I was surprised by the size of this data. And this is only from the food safety aspect of SCM. So the data sizes SCM generate has a potential to grow big quickly and we have a big data problem in SCMs. Then how do we store this huge data on all blockchain nodes? Big data will not only overwhelm the storage resources of the nodes but also strain the network as well. Are we going to just store the hash of the big data? If so, why can't we store the hash in an append-only multiversion distributed datastore and call it a day.
Moreover, don't you need to run some analytics on this data? So you will need a database/data store any how. Instead of investigating ways to do SCM with blockchains, wouldn't it make more sense to look for ways to enforce existing database solutions with provenance/attestation? (I have been hearing about provenance work in databases but never had time to learn about them.)
3. How do we teach blockchains to keep secrets?
For SCM, organizations would not like other parties to know the information about goods being transported in order not to lose their strategic advantage.
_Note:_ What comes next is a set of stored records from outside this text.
lemma integral_component:
  fixes g :: "real \<Rightarrow> real"
  assumes "i \<in> I" "g \<in> borel_measurable borel"
  shows "(\<integral>u. g (u i) \<partial>iid) = (\<integral>x. g x \<partial>M)"
  using integral_distr[OF measurable_component_singleton[OF assms(1)] borel_measurable_M[OF assms(2)]]
    PiM_component[OF assms(1)] by simp

lemma integrable_M_bounded:
  fixes f :: "real \<Rightarrow> real"
  shows "f \<in> borel_measurable borel \<Longrightarrow> (\<And>x. \<bar>f x\<bar> \<le> B) \<Longrightarrow> integrable M f"
  by (intro M.integrable_const_bound[where B=B] borel_measurable_M) auto

lemma integrable_iid_bounded:
  fixes f :: "(nat \<Rightarrow> real) \<Rightarrow> real"
  shows "f \<in> borel_measurable iid \<Longrightarrow> (\<And>u. \<bar>f u\<bar> \<le> B) \<Longrightarrow> integrable iid f"
  by (intro P.integrable_const_bound[where B=B]) auto

lemma
  fixes g :: "real \<Rightarrow> real"
  assumes g: "g \<in> borel_measurable borel" and gB: "\<And>x. \<bar>g x\<bar> \<le> B"
  shows integrable_sum_components: "integrable iid (\<lambda>u. \<Sum>i\<in>I. g (u i))"
    and integrable_square_sum_components: "integrable iid (\<lambda>u. (\<Sum>i\<in>I. g (u i))^2)"
    and integral_sum_components: "(\<integral>u. (\<Sum>i\<in>I. g (u i)) \<partial>iid) = card I * (\<integral>x. g x \<partial>M)"
proof -
  have meas: "(\<lambda>u. \<Sum>i\<in>I. g (u i)) \<in> borel_measurable iid"
    using g by (intro borel_measurable_sum measurable_component_comp)
  have bound: "\<bar>\<Sum>i\<in>I. g (u i)\<bar> \<le> card I * B" for u
    using order_trans[OF sum_abs sum_mono[of I "\<lambda>i. \<bar>g (u i)\<bar>" "\<lambda>_. B"]] gB by simp
  show "integrable iid (\<lambda>u. \<Sum>i\<in>I. g (u i))"
    by (rule integrable_iid_bounded[OF meas bound])
  show "integrable iid (\<lambda>u. (\<Sum>i\<in>I. g (u i))^2)"
  proof (rule integrable_iid_bounded[where B="(card I * B)^2"])
    show "(\<lambda>u. (\<Sum>i\<in>I. g (u i))^2) \<in> borel_measurable iid" using meas by measurable
    show "\<bar>(\<Sum>i\<in>I. g (u i))^2\<bar> \<le> (card I * B)^2" for u
      using power_mono[OF bound[of u], of 2] by simp
  qed
  have "(\<integral>u. (\<Sum>i\<in>I. g (u i)) \<partial>iid) = (\<Sum>i\<in>I. (\<integral>u. g (u i) \<partial>iid))"
    using g gB by (intro Bochner_Integration.integral_sum integrable_iid_bounded measurable_component_comp)
  also have "\<dots> = (\<Sum>i\<in>I. (\<integral>x. g x \<partial>M))" by (intro sum.cong refl integral_component g)
  finally show "(\<integral>u. (\<Sum>i\<in>I. g (u i)) \<partial>iid) = card I * (\<integral>x. g x \<partial>M)" by simp
qed

lemma integral_mult_distinct_components:
  fixes g h :: "real \<Rightarrow> real"
  assumes "i \<in> I" "j \<in> I" "i \<noteq> j"
    and g: "g \<in> borel_measurable borel" "\<And>x. \<bar>g x\<bar> \<le> B"
    and h: "h \<in> borel_measurable borel" "\<And>x. \<bar>h x\<bar> \<le> B"
  shows "(\<integral>u. g (u i) * h (u j) \<partial>iid) = (\<integral>x. g x \<partial>M) * (\<integral>x. h x \<partial>M)"
proof -
  define f where "f = (\<lambda>l::nat. if l = i then g else if l = j then h else (\<lambda>_::real. 1::real))"
  have "(\<Prod>l\<in>I. f l (u l)) = (\<Prod>l\<in>{i,j}. f l (u l))" for u
    using assms(1,2) finite_I by (intro prod.mono_neutral_right) (auto simp: f_def)
  then have "(\<integral>u. g (u i) * h (u j) \<partial>iid) = (\<integral>u. (\<Prod>l\<in>I. f l (u l)) \<partial>iid)"
    using assms(3) by (simp add: f_def)
  also have "\<dots> = (\<Prod>l\<in>I. (\<integral>x. f l x \<partial>M))"
    using g h by (intro product_integral_prod finite_I) (auto simp: f_def intro!: integrable_M_bounded)
  also have "\<dots> = (\<Prod>l\<in>{i,j}. (\<integral>x. f l x \<partial>M))"
    using assms(1,2) finite_I by (intro prod.mono_neutral_right) (auto simp: f_def M.prob_space)
  finally show ?thesis
    using assms(3) by (simp add: f_def)
qed

lemma integral_square_sum_centred:
  fixes g :: "real \<Rightarrow> real"
  assumes g[measurable]: "g \<in> borel_measurable borel" and gB: "\<And>x. \<bar>g x\<bar> \<le> B"
    and g0: "(\<integral>x. g x \<partial>M) = 0"
  shows "(\<integral>u. (\<Sum>i\<in>I. g (u i))^2 \<partial>iid) = card I * (\<integral>x. (g x)^2 \<partial>M)"
proof -
  have "0 \<le> B" using gB[of 0] by linarith
  then have int: "integrable iid (\<lambda>u. g (u i) * g (u j))" if "i \<in> I" "j \<in> I" for i j
    using that gB by (intro integrable_iid_bounded[where B="B*B"])
      (auto intro!: borel_measurable_times measurable_component_comp simp: abs_mult mult_mono)
  have "(\<integral>u. g (u i) * g (u j) \<partial>iid) = (if i = j then (\<integral>x. (g x)^2 \<partial>M) else 0)"
    if "i \<in> I" "j \<in> I" for i j
    using that integral_component[OF that(1), of "\<lambda>x. (g x)^2"] gB
      integral_mult_distinct_components[OF that _ g gB g gB]
    by (cases "i = j") (simp_all add: power2_eq_square g0)
  then have "(\<Sum>i\<in>I. \<Sum>j\<in>I. (\<integral>u. g (u i) * g (u j) \<partial>iid)) = card I * (\<integral>x. (g x)^2 \<partial>M)"
    using finite_I by simp
  moreover have "(\<integral>u. (\<Sum>i\<in>I. g (u i))^2 \<partial>iid) = (\<Sum>i\<in>I. \<Sum>j\<in>I. (\<integral>u. g (u i) * g (u j) \<partial>iid))"
    using int by (simp add: power2_eq_square sum_product integral_sum)
  ultimately show ?thesis by simp
qed

end

locale poisson_mixture = iid_real +
  fixes a b r :: real
  assumes AE_in_ab: "AE x in M. x \<in> {a..b}" and nonneg_a: "0 \<le> a" and a_le_b: "a \<le> b"
    and nonneg_r: "0 \<le> r"
begin

text \<open>Clamping changes \<open>M\<close>-almost nothing but lets bounds hold everywhere, not only a.e.\<close>
definition clamp :: "real \<Rightarrow> real" where
  "clamp x = max a (min b x)"

definition mix_pmf :: "nat pmf" where
  "mix_pmf = embed_pmf (poi_mix M r)"

definition poisson_counts :: "(nat \<Rightarrow> real) \<Rightarrow> (nat \<Rightarrow> nat) pmf" where
  "poisson_counts u = Pi_pmf I 0 (\<lambda>i. poisson (r * clamp (u i)))"

lemma clamp_bounds: "a \<le> clamp x" "clamp x \<le> b"
  using a_le_b by (auto simp: clamp_def)

lemma clamp_nonneg: "0 \<le> clamp x"
  using clamp_bounds(1)[of x] nonneg_a by linarith

lemma AE_clamp_eq: "AE x in M. clamp x = x"
  using AE_in_ab by eventually_elim (auto simp: clamp_def)

lemma borel_measurable_clamp[measurable]: "clamp \<in> borel_measurable borel"
  unfolding clamp_def by measurable

lemma integral_comp_clamp:
  fixes f :: "real \<Rightarrow> real"
  assumes "f \<in> borel_measurable borel"
  shows "(\<integral>x. f (clamp x) \<partial>M) = (\<integral>x. f x \<partial>M)"
  using AE_clamp_eq assms
  by (intro integral_cong_AE borel_measurable_M) (auto elim: eventually_mono)

lemma integral_clamp: "(\<integral>x. clamp x \<partial>M) = (\<integral>x. x \<partial>M)"
  using integral_comp_clamp[of "\<lambda>x. x"] by simp

lemma integrable_clamp: "integrable M clamp"
  using clamp_bounds clamp_nonneg by (intro integrable_M_bounded[where B=b]) auto

lemma mean_in_ab: "(\<integral>x. x \<partial>M) \<in> {a..b}"
proof -
  have "(\<integral>x. a \<partial>M) \<le> (\<integral>x. clamp x \<partial>M)" "(\<integral>x. clamp x \<partial>M) \<le> (\<integral>x. b \<partial>M)"
    using integrable_clamp clamp_bounds by (intro integral_mono; simp)+
  then show ?thesis by (simp add: integral_clamp M.prob_space)
qed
I guess there are some techniques to anonymize information and some blockchains use them. But given that this information is permanently stored, how hard is it for an incentivized third party to data-mine (in machine learning sense, not in blockchain sense :-) this information and de-anonymize the information.
4. One chain to rule them all?
If we use blockchains for SCM, how do we get the public miners on board? I guess we give some tokens via an ICO, and ask them to mine for more tokens. People say blockchains facilitate crowdfunding new initiatives and I certainly appreciate some of the advantages ICOs bring. On the other hand, if done responsibly (and not just playing to people's greed) I am sure this won't be as easy as it sounds. Would there be dozens of SCM blockchains? Would it be possible to maintain a healthy number of diverse miner pools? When things start to level off would we end up with blockchain graveyards? A responsible startup should also have an end-of-life plan, right?